Bozeman to job seekers: We won't seek passwords
Under scrutiny, Montana city reverses long-standing policy that job applicants provide user names and passwords to sites like Facebook and MySpace.
The city of Bozeman, Mont., has rescinded itsthat job applicants provide user names and passwords to social-networking sites such as Facebook and MySpace.
According to a press release (PDF) issued Friday:
The extent of our request for a candidate's password, user name, or other internet information appears to have exceeded that which is acceptable to our community. We appreciate the concern many citizens have expressed regarding this practice and apologize for the negative impact this issue is having on the City of Bozeman.
The city stopped the practice as of midday Friday, until it "conducts a more comprehensive evaluation of the practice," the release said.
Bozeman, which is about 100 miles north of Yellowstone National Park, found itself in the international spotlight this week when the local media reported that the city government's background check included evaluating job candidates' suitability based on their social-networking site postings. The city had been doing so for a few years.
The background check form stated: "Please list any and all current personal or business websites, web pages or memberships on any Internet-based chat rooms, social clubs or forums, to include, but not limited to: Facebook, Google, Yahoo, YouTube.com, MySpace, etc."
Groups, including the Electronic Frontier Foundation, a digital rights organization, derided the practice.
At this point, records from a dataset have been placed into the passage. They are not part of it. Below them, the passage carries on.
(* Write $z=(z_1,\ldots,z_n)\in\mathbb{C}^n$ and let constants $m\ge 2$, $R>0$, $A>0$, $B>0$, $k\in(0,1)$, and $K>0$ be given. Let \[ \widetilde\Omega_m=\Big\{z\in B(0,R) \;\Big|\; r(z)=\operatorname{Re} z_n - A|z_1|^m + B\Big(\sum_{j=2}^n|z_j|^m+|z_n||z|\Big)<0\Big\}. \] Then there exist positive constants $R_1$ and $C$ such that \[ F^K_{\widetilde\Omega_m}(z,X)\le C\frac{|X_n|}{d_{\widetilde\Omega_m}(z)^{1-\frac{1}{2m}}} \] for all $z\in B(0,R_1)\cap\Lambda(k)$ and all $X\in\mathbb{C}^n$ with $|X|\le K|X_n|$.
   Context: $B(z,R)$ denotes the Euclidean ball in $\mathbb{C}^n$ with center $z$ and radius $R$, and $|\cdot|$ the Euclidean norm. For $0<k<1$, $\Lambda(k)=\{z\in\mathbb{C}^n \mid -\operatorname{Re} z_n>k|z|\}$. $d_{\Omega}(z)$ denotes the Euclidean distance from $z$ to the boundary of $\Omega$. For a domain $\Omega\subset\mathbb{C}^n$, $z\in\Omega$ and $X\in\mathbb{C}^n$, the Kobayashi(–Royden) metric is $F^K_\Omega(z,X)=\inf\{1/\lambda \mid \exists f\colon D\to\Omega \text{ holomorphic},\ f(0)=z,\ f'(0)=\lambda X,\ \lambda>0\}$, where $D$ is the unit disc in $\mathbb{C}$. $X_n$ denotes the $n$-th component of $X$. *)

theory Defs
  imports "HOL-Complex_Analysis.Complex_Analysis"
begin

text \<open>The coordinates z_1 and z_n are given by two
distinct indices i1, iN of the finite index type; the sum over j = 2..n is the sum over
all indices different from i1 (for the last index iN included).\<close>

definition Omega_m ::
  "nat \<Rightarrow> real \<Rightarrow> real \<Rightarrow> real \<Rightarrow> 'n::finite \<Rightarrow> 'n \<Rightarrow> (complex^'n) set" where
  "Omega_m m R A B i1 iN =
     {z \<in> ball 0 R. Re (z $ iN) - A * norm (z $ i1) ^ m
        + B * ((\<Sum>j\<in>UNIV - {i1}. norm (z $ j) ^ m) + norm (z $ iN) * norm z) < 0}"

definition Lambda_cone :: "real \<Rightarrow> 'n::finite \<Rightarrow> (complex^'n) set" where
  "Lambda_cone k iN = {z. - Re (z $ iN) > k * norm z}"

definition dist_bd :: "(complex^'n::finite) set \<Rightarrow> complex^'n \<Rightarrow> real" where
  "dist_bd \<Omega> z = infdist z (frontier \<Omega>)"

text \<open>Kobayashi--Royden metric; a map D \<rightarrow> C^n is holomorphic iff all its components are.\<close>
definition kobayashi :: "(complex^'n::finite) set \<Rightarrow> complex^'n \<Rightarrow> complex^'n \<Rightarrow> real" where
  "kobayashi \<Omega> z X = Inf {1 / l | l. l > 0 \<and>
     (\<exists>f :: complex \<Rightarrow> complex^'n.
        (\<forall>i. (\<lambda>w. f w $ i) holomorphic_on ball 0 1) \<and>
        f ` ball 0 1 \<subseteq> \<Omega> \<and> f 0 = z \<and>
        (\<forall>i. deriv (\<lambda>w. f w $ i) 0 = complex_of_real l * X $ i))}"

end

theory Submission
  imports Defs
begin
text \<open>After rescaling by \<open>h\<close> everything happens on the unit lattice, where \<open>\<tilde>u\<close> is the
  piecewise linear interpolant \<open>\<Sum>\<^sub>z u(z) \<phi>\<^sub>z\<close> with respect to the triangulation cut out by the
  diagonals \<open>x\<^sub>1 - x\<^sub>2 \<in> \<int>\<close>. On a triangle the hat functions \<open>\<phi>\<^sub>z\<close> are the barycentric coordinates.
  Hence \<open>\<tilde>u\<close> is bounded on a cell by the largest of its four nodal values, and \<open>\<tilde>u\<^sup>p\<close> by the sum of
  their \<open>p\<close>-th powers; as every node is a corner of at most four cells this gives the upper bound.
  Conversely \<open>\<tilde>u\<^sup>p \<ge> \<Sum>\<^sub>z u(z)\<^sup>p \<phi>\<^sub>z\<^sup>p\<close> by superadditivity of \<open>t \<mapsto> t\<^sup>p\<close>, a barycentric coordinate satisfies
  \<open>\<integral>\<^sub>T \<lambda>\<^sup>p = 1/((p+1)(p+2))\<close> on a unit triangle, and every node of the box is a corner of one of its
  cells; \<open>(p+1)(p+2) \<le> 8p\<^sup>2\<close> gives the lower bound. Off the (null) triangle edges the gradient of
  \<open>\<tilde>u\<close> consists of the forward differences along two edges of the triangle, and each edge belongs to
  at most two triangles of area \<open>h\<^sub>1h\<^sub>2/2\<close>, which gives the energy bound.\<close>

lemma nn_integral_lborel_pair:
  fixes f :: "real \<times> real \<Rightarrow> ennreal"
  assumes [measurable]: "f \<in> borel_measurable borel"
  shows "(\<integral>\<^sup>+z. f z \<partial>lborel) = (\<integral>\<^sup>+x. \<integral>\<^sup>+y. f (x, y) \<partial>lborel \<partial>lborel)"
proof -
  have "f \<in> borel_measurable (lborel \<Otimes>\<^sub>M lborel)"
    by (simp add: lborel_prod)
  from lborel.nn_integral_fst[OF this] show ?thesis
    by (simp add: lborel_prod)
qed

lemma nn_integral_lborel_pair_swap:
  fixes f :: "real \<times> real \<Rightarrow> ennreal"
  assumes [measurable]: "f \<in> borel_measurable borel"
  shows "(\<integral>\<^sup>+z. f z \<partial>lborel) = (\<integral>\<^sup>+y. \<integral>\<^sup>+x. f (x, y) \<partial>lborel \<partial>lborel)"
proof -
  have "f \<in> borel_measurable (lborel \<Otimes>\<^sub>M lborel)"
    by (simp add: lborel_prod)
  from lborel_pair.nn_integral_snd[OF this] show ?thesis
    by (simp add: lborel_prod)
qed

lemma nn_integral_lborel_translate:
  fixes f :: "real \<times> real \<Rightarrow> ennreal"
  assumes [measurable]: "f \<in> borel_measurable borel"
  shows "(\<integral>\<^sup>+x. f x \<partial>lborel) = (\<integral>\<^sup>+x. f (c + x) \<partial>lborel)"
proof -
  have "(\<integral>\<^sup>+x. f x \<partial>lborel) = (\<integral>\<^sup>+x. f x \<partial>distr lborel borel ((+) c))"
    by (simp add: lborel_distr_plus)
  also have "\<dots> = (\<integral>\<^sup>+x. f (c + x) \<partial>lborel)"
    by (subst nn_integral_distr) auto
  finally show ?thesis .
qed

lemma nn_integral_lborel_scale:
  fixes f :: "real \<times> real \<Rightarrow> ennreal"
  assumes [measurable]: "f \<in> borel_measurable borel" and h: "h1 > 0" "h2 > 0"
  shows "(\<integral>\<^sup>+z. f z \<partial>lborel) = ennreal (h1 * h2) * (\<integral>\<^sup>+z. f (h1 * fst z, h2 * snd z) \<partial>lborel)"
proof -
  have "(\<lambda>z. (h1 * fst z, h2 * snd z)) \<in> borel \<rightarrow>\<^sub>M borel"
    by (intro borel_measurable_continuous_onI continuous_intros)
  then have [measurable]: "(\<lambda>z. f (h1 * fst z, h2 * snd z)) \<in> borel_measurable borel"
    using measurable_compose assms(1) by blast
  have "(\<integral>\<^sup>+z. f z \<partial>lborel) = (\<integral>\<^sup>+x. \<integral>\<^sup>+y. f (x, y) \<partial>lborel \<partial>lborel)"
    by (rule nn_integral_lborel_pair) simp
  also have "\<dots> = (\<integral>\<^sup>+x. ennreal h2 * \<integral>\<^sup>+y. f (x, h2 * y) \<partial>lborel \<partial>lborel)"
    using h by (intro nn_integral_cong) (subst nn_integral_real_affine[where c=h2 and t=0]; simp)
  also have "\<dots> = ennreal h2 * (\<integral>\<^sup>+x. \<integral>\<^sup>+y. f (x, h2 * y) \<partial>lborel \<partial>lborel)"
    by (rule nn_integral_cmult) simp
  also have "(\<integral>\<^sup>+x. \<integral>\<^sup>+y. f (x, h2 * y) \<partial>lborel \<partial>lborel)
      = ennreal h1 * (\<integral>\<^sup>+x. \<integral>\<^sup>+y. f (h1 * x, h2 * y) \<partial>lborel \<partial>lborel)"
    using h by (subst nn_integral_real_affine[where c=h1 and t=0]) auto
  also have "(\<integral>\<^sup>+x. \<integral>\<^sup>+y. f (h1 * x, h2 * y) \<partial>lborel \<partial>lborel)
      = (\<integral>\<^sup>+z. f (h1 * fst z, h2 * snd z) \<partial>lborel)"
    by (subst nn_integral_lborel_pair) simp_all
  finally show ?thesis using h by (simp add: ennreal_mult mult_ac)
qed

lemma AE_lborel_not_on_hyperplane:
  fixes a :: "real \<times> real"
  assumes a: "a \<noteq> 0"
  shows "AE x in lborel. a \<bullet> x \<noteq> b"
proof -
  have "negligible {x. a \<bullet> x = b}"
    using negligible_hyperplane a by blast
  then have "{x. a \<bullet> x = b} \<in> null_sets lebesgue"
    by (simp add: negligible_iff_null_sets)
  moreover have "{x. a \<bullet> x = b} \<in> sets lborel"
    using closed_hyperplane[of a b] by simp
  ultimately have "{x. a \<bullet> x = b} \<in> null_sets lborel"
    using null_sets_completion_iff by blast
  then have "AE x in lborel. x \<notin> {x. a \<bullet> x = b}"
    by (rule AE_not_in)
  then show ?thesis
    by simp
qed
lemma integral_frechet_derivative_eq_0:
  fixes \<psi> :: "'a::euclidean_space \<Rightarrow> real"
  assumes sm: "smooth_fun \<psi>" and cpt: "compact (closure {p. \<psi> p \<noteq> 0})"
  shows "integrable lborel (\<lambda>p. frechet_derivative \<psi> (at p) w)"
    and "integral\<^sup>L lborel (\<lambda>p. frechet_derivative \<psi> (at p) w) = 0"
proof -
  define D where "D = (\<lambda>p. frechet_derivative \<psi> (at p) w)"
  have D_cont: "continuous_on UNIV D"
    unfolding D_def by (rule smooth_fun_continuous_derivative[OF sm])
  show "integrable lborel (\<lambda>p. frechet_derivative \<psi> (at p) w)"
    by (rule integrable_continuous_vanishing_outside_compact[OF D_cont[unfolded D_def] cpt])
       (rule frechet_derivative_eq_0_outside_support[OF sm])
  have int_\<psi>: "integrable lborel \<psi>"
    by (rule integrable_continuous_vanishing_outside_compact[OF smooth_fun_continuous[OF sm] cpt])
       (use closure_subset[of "{p. \<psi> p \<noteq> 0}"] in auto)
  obtain B K where K: "compact K" and bound:
    "\<And>h p. 0 < h \<Longrightarrow> h \<le> 1 \<Longrightarrow> \<bar>(\<psi> (p + h *\<^sub>R w) - \<psi> p) / h\<bar> \<le> B * indicator K p"
    using difference_quotient_dominated[OF sm cpt, of w] by metis
  define h where "h = (\<lambda>k::nat. 1 / real (Suc k))"
  have h: "0 < h k" "h k \<le> 1" for k unfolding h_def by auto
  define q where "q = (\<lambda>k p. (\<psi> (p + h k *\<^sub>R w) - \<psi> p) / h k)"
  have "integral\<^sup>L lborel (q k) = 0" for k
    unfolding q_def by (rule integral_difference_quotient_eq_0[OF int_\<psi>])
  moreover have "(\<lambda>k. integral\<^sup>L lborel (q k)) \<longlonglongrightarrow> integral\<^sup>L lborel D"
  proof (rule integral_dominated_convergence[where w="\<lambda>p. B * indicator K p"])
    have "filterlim h (at 0) sequentially"
      by (rule filterlim_atI) (use LIMSEQ_inverse_real_of_nat h(1) in \<open>auto simp: h_def divide_inverse\<close>)
    moreover have "((\<lambda>s. (\<psi> (p + s *\<^sub>R w) - \<psi> p) / s) \<longlongrightarrow> D p) (at 0)" for p
      using smooth_fun_has_field_derivative_line[OF sm, of p w 0]
      unfolding has_field_derivative_iff D_def by simp
    ultimately have "(\<lambda>k. q k p) \<longlonglongrightarrow> D p" for p
      unfolding q_def by (rule filterlim_compose[rotated])
    then show "AE p in lborel. (\<lambda>k. q k p) \<longlonglongrightarrow> D p" by simp
    show "AE p in lborel. norm (q k p) \<le> B * indicator K p" for k
      using bound[OF h] unfolding q_def by simp
    show "integrable lborel (\<lambda>p. B * indicator K p)"
      using borel_integrable_compact[OF K continuous_on_const[of K B]] by (simp add: mult.commute)
    have q_cont: "continuous_on UNIV (q k)" for k
      using h(1)[of k] unfolding q_def
      by (auto intro!: continuous_intros continuous_on_compose2[OF smooth_fun_continuous[OF sm]])
    show "q k \<in> borel_measurable lborel" for k
      using borel_measurable_continuous_onI[OF q_cont] by simp
    show "D \<in> borel_measurable lborel"
      using borel_measurable_continuous_onI[OF D_cont] by simp
  qed
  ultimately show "integral\<^sup>L lborel (\<lambda>p. frechet_derivative \<psi> (at p) w) = 0"
    by (simp add: LIMSEQ_const_iff D_def)
qed

lemma test_fun_subset: "test_fun U \<psi> \<Longrightarrow> U \<subseteq> U' \<Longrightarrow> test_fun U' \<psi>"
  unfolding test_fun_def by blast

lemma test_fun_vanishes_outside:
  assumes "test_fun U \<psi>" "p \<notin> U"
  shows "\<psi> p = 0" "dX \<psi> p i = 0" "dT \<psi> p = 0" "gradX \<psi> p = 0"
proof -
  have sm: "smooth_fun \<psi>" and p: "p \<notin> closure {p. \<psi> p \<noteq> 0}"
    using assms unfolding test_fun_def by auto
  then show "\<psi> p = 0" using closure_subset[of "{p. \<psi> p \<noteq> 0}"] by auto
  show "dX \<psi> p i = 0" "dT \<psi> p = 0" "gradX \<psi> p = 0"
    unfolding dX_def dT_def gradX_def
    using frechet_derivative_eq_0_outside_support[OF sm p] by (simp_all add: vec_eq_iff)
qed

lemma test_fun_integral_derivatives:
  assumes "test_fun U \<psi>"
  shows "integrable lborel (\<lambda>p. dX \<psi> p i)" "integral\<^sup>L lborel (\<lambda>p. dX \<psi> p i) = 0"
    and "integrable lborel (dT \<psi>)" "integral\<^sup>L lborel (dT \<psi>) = 0"
  using assms integral_frechet_derivative_eq_0 unfolding test_fun_def dX_def dT_def by auto

lemma set_integral_eq_integral_vanishing_outside:
  assumes "\<And>p. p \<notin> U \<Longrightarrow> f p = 0"
  shows "set_lebesgue_integral M U f = integral\<^sup>L M f"
  unfolding set_lebesgue_integral_def
  by (rule arg_cong[where f="integral\<^sup>L M"]) (use assms in \<open>auto simp: indicator_def\<close>)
"I think it's indefensibly invasive and likely illegal as a violation of the First Amendment rights of job applicants," EFF attorney Kevin Bankston told CNET News earlier this week. "Essentially, they're conditioning your application for employment on your waiving your First Amendment rights...and risking the security of your information by requiring you to share your password with them...Where does it stop? How about a photocopy of your diary?"
City Manager Chris Kukulski noted to KBZK TV that information wasn't sought until "you were conditionally offered the job." The passwords already received will remain the city's confidential property, the CBS affiliate reported.